The aim of this study has been to sufficiently investigate lower limb kinematics, temporospatial gait parameters, and EMG activity to address the question of how the gait variables adapt to reduced gravity over the gait cycle. Our unique robotic walker successfully reduced gravitational force and loading during gait. The findings of this study demonstrate the decreased intensity and duration of muscle activation without altering normal pattern, and high muscle efficiency for weight bearing and propulsion in the sagittal plane and for lateral balance. The findings of this study help guide the rehabilitation strategies and the future design of assistive robotic devices by highlighting the effectiveness of BWS gait training aimed at lowering muscle effort and increasing the stability of the patient. Although we only observed healthy individuals, our findings shed some light on determining the possible load-related sensory mechanisms that affect locomotor output.
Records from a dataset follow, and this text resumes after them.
lemma sum_prod_list_sum_list_squared_seqs:
  assumes "(\<Sum>a\<in>{1..L}. R a) = (1::real)" "(\<Sum>a\<in>{1..L}. R a * g a) = 0"
  shows "(\<Sum>x\<in>seqs L n. prod_list (map R x) * (sum_list (map g x))\<^sup>2)
       = real n * (\<Sum>a\<in>{1..L}. R a * (g a)\<^sup>2)"
proof (induction n)
  case (Suc n)
  have "(\<Sum>x\<in>seqs L (Suc n). prod_list (map R x) * (sum_list (map g x))\<^sup>2)
     = (\<Sum>a\<in>{1..L}. R a * (g a)\<^sup>2 * (\<Sum>xs\<in>seqs L n. prod_list (map R xs))
          + 2 * R a * g a * (\<Sum>xs\<in>seqs L n. prod_list (map R xs) * sum_list (map g xs))
          + R a * (\<Sum>xs\<in>seqs L n. prod_list (map R xs) * (sum_list (map g xs))\<^sup>2))"
    by (simp add: sum_seqs_Suc sum_distrib_left sum.distrib algebra_simps power2_eq_square)
  also have "\<dots> = (\<Sum>a\<in>{1..L}. R a * (g a)\<^sup>2 + R a * (real n * (\<Sum>a\<in>{1..L}. R a * (g a)\<^sup>2)))"
    using Suc assms by (simp add: sum_prod_list_seqs sum_prod_list_sum_list_seqs)
  also have "\<dots> = (\<Sum>a\<in>{1..L}. R a * (g a)\<^sup>2) + (\<Sum>a\<in>{1..L}. R a) * (real n * (\<Sum>a\<in>{1..L}. R a * (g a)\<^sup>2))"
    by (simp only: sum.distrib sum_distrib_right)
  finally show ?case using assms(1) by (simp add: algebra_simps)
qed simp

lemma sum_prod_list_deviation_le:
  fixes R f :: "nat \<Rightarrow> real"
  assumes R: "\<forall>a\<in>{1..L}. 0 \<le> R a" "(\<Sum>a\<in>{1..L}. R a) = 1" and "0 < n" "0 < \<delta>"
  defines "m \<equiv> \<Sum>a\<in>{1..L}. R a * f a"
  shows "(\<Sum>x\<in>{x\<in>seqs L n. real n * \<delta> \<le> \<bar>sum_list (map f x) - real n * m\<bar>}. prod_list (map R x))
       \<le> (\<Sum>a\<in>{1..L}. R a * (f a - m)\<^sup>2) / (real n * \<delta>\<^sup>2)"
proof -
  define g where "g a = f a - m" for a
  define D where "D = {x\<in>seqs L n. real n * \<delta> \<le> \<bar>sum_list (map f x) - real n * m\<bar>}"
  have "(\<Sum>a\<in>{1..L}. R a * g a) = 0"
    using R(2) unfolding g_def m_def by (simp add: algebra_simps sum_subtractf sum_distrib_right[symmetric])
  note moments = sum_prod_list_sum_list_squared_seqs[OF R(2) this]
  have sum_g: "sum_list (map g x) = sum_list (map f x) - real n * m" if "x \<in> seqs L n" for x
    using that unfolding g_def seqs_def by (simp add: sum_list_subtractf sum_list_triv)
  have weight_nonneg: "0 \<le> prod_list (map R x)" if "x \<in> seqs L n" for x
    using that R(1) unfolding seqs_def by (intro prod_list_nonneg) auto
  have nd: "0 < real n * \<delta>" using assms by simp
  have "(\<Sum>x\<in>D. prod_list (map R x)) \<le> (\<Sum>x\<in>D. prod_list (map R x) * (sum_list (map g x))\<^sup>2 / (real n * \<delta>)\<^sup>2)"
  proof (rule sum_mono)
    fix x assume x: "x \<in> D"
    then have "(real n * \<delta>)\<^sup>2 \<le> (sum_list (map g x))\<^sup>2"
      using nd sum_g unfolding D_def by (auto simp: abs_le_square_iff[symmetric])
    then have "1 \<le> (sum_list (map g x))\<^sup>2 / (real n * \<delta>)\<^sup>2" using nd assms(3,4) by (subst le_divide_eq_1_pos) auto
    from mult_left_mono[OF this weight_nonneg] x
    show "prod_list (map R x) \<le> prod_list (map R x) * (sum_list (map g x))\<^sup>2 / (real n * \<delta>)\<^sup>2"
      unfolding D_def by simp
  qed
  also have "\<dots> \<le> (\<Sum>x\<in>seqs L n. prod_list (map R x) * (sum_list (map g x))\<^sup>2 / (real n * \<delta>)\<^sup>2)"
    using finite_seqs weight_nonneg by (intro sum_mono2) (auto simp: D_def)
  also have "\<dots> = real n * (\<Sum>a\<in>{1..L}. R a * (g a)\<^sup>2) / (real n * \<delta>)\<^sup>2"
    by (simp add: moments sum_divide_distrib[symmetric])
  also have "\<dots> = (\<Sum>a\<in>{1..L}. R a * (f a - m)\<^sup>2) / (real n * \<delta>\<^sup>2)"
    using assms(3) by (simp add: g_def power2_eq_square)
  finally show ?thesis unfolding D_def .
qed

lemma eventually_sum_prod_list_deviation_le:
  fixes R f :: "nat \<Rightarrow> real"
  assumes R: "\<forall>a\<in>{1..L}. 0 \<le> R a" "(\<Sum>a\<in>{1..L}. R a) = 1" and "0 < \<delta>" "0 < \<epsilon>"
  shows "\<forall>\<^sub>F n in sequentially.
    (\<Sum>x\<in>{x\<in>seqs L n. real n * \<delta> \<le> \<bar>sum_list (map f x) - real n * (\<Sum>a\<in>{1..L}. R a * f a)\<bar>}.
      prod_list (map R x)) \<le> \<epsilon>"
proof -
  define v where "v = (\<Sum>a\<in>{1..L}. R a * (f a - (\<Sum>b\<in>{1..L}. R b * f b))\<^sup>2)"
  have "\<forall>\<^sub>F n in sequentially. v / \<delta>\<^sup>2 / real n < \<epsilon>"
    using assms(4) by (intro order_tendstoD(2)[OF lim_const_over_n])
  moreover have "\<forall>\<^sub>F n in sequentially. 0 < n"
    by (rule eventually_gt_at_top)
  ultimately show ?thesis
  proof eventually_elim
    case (elim n)
    then show ?case
      using sum_prod_list_deviation_le[OF R _ assms(3), of n f] unfolding v_def
      by (simp add: field_simps)
  qed
qed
People with neurological disorders would respond differently than non-impaired healthy subjects with increased amounts of BWS. Therefore, further studies with neurologically challenged patients suffering from gait impairments will be conducted in order to assess the effectiveness of over-ground BWS gait training without pelvic restriction. Thus, the use of a BWS system during over-ground walking will be recommended as a useful intervention strategy for gait rehabilitation.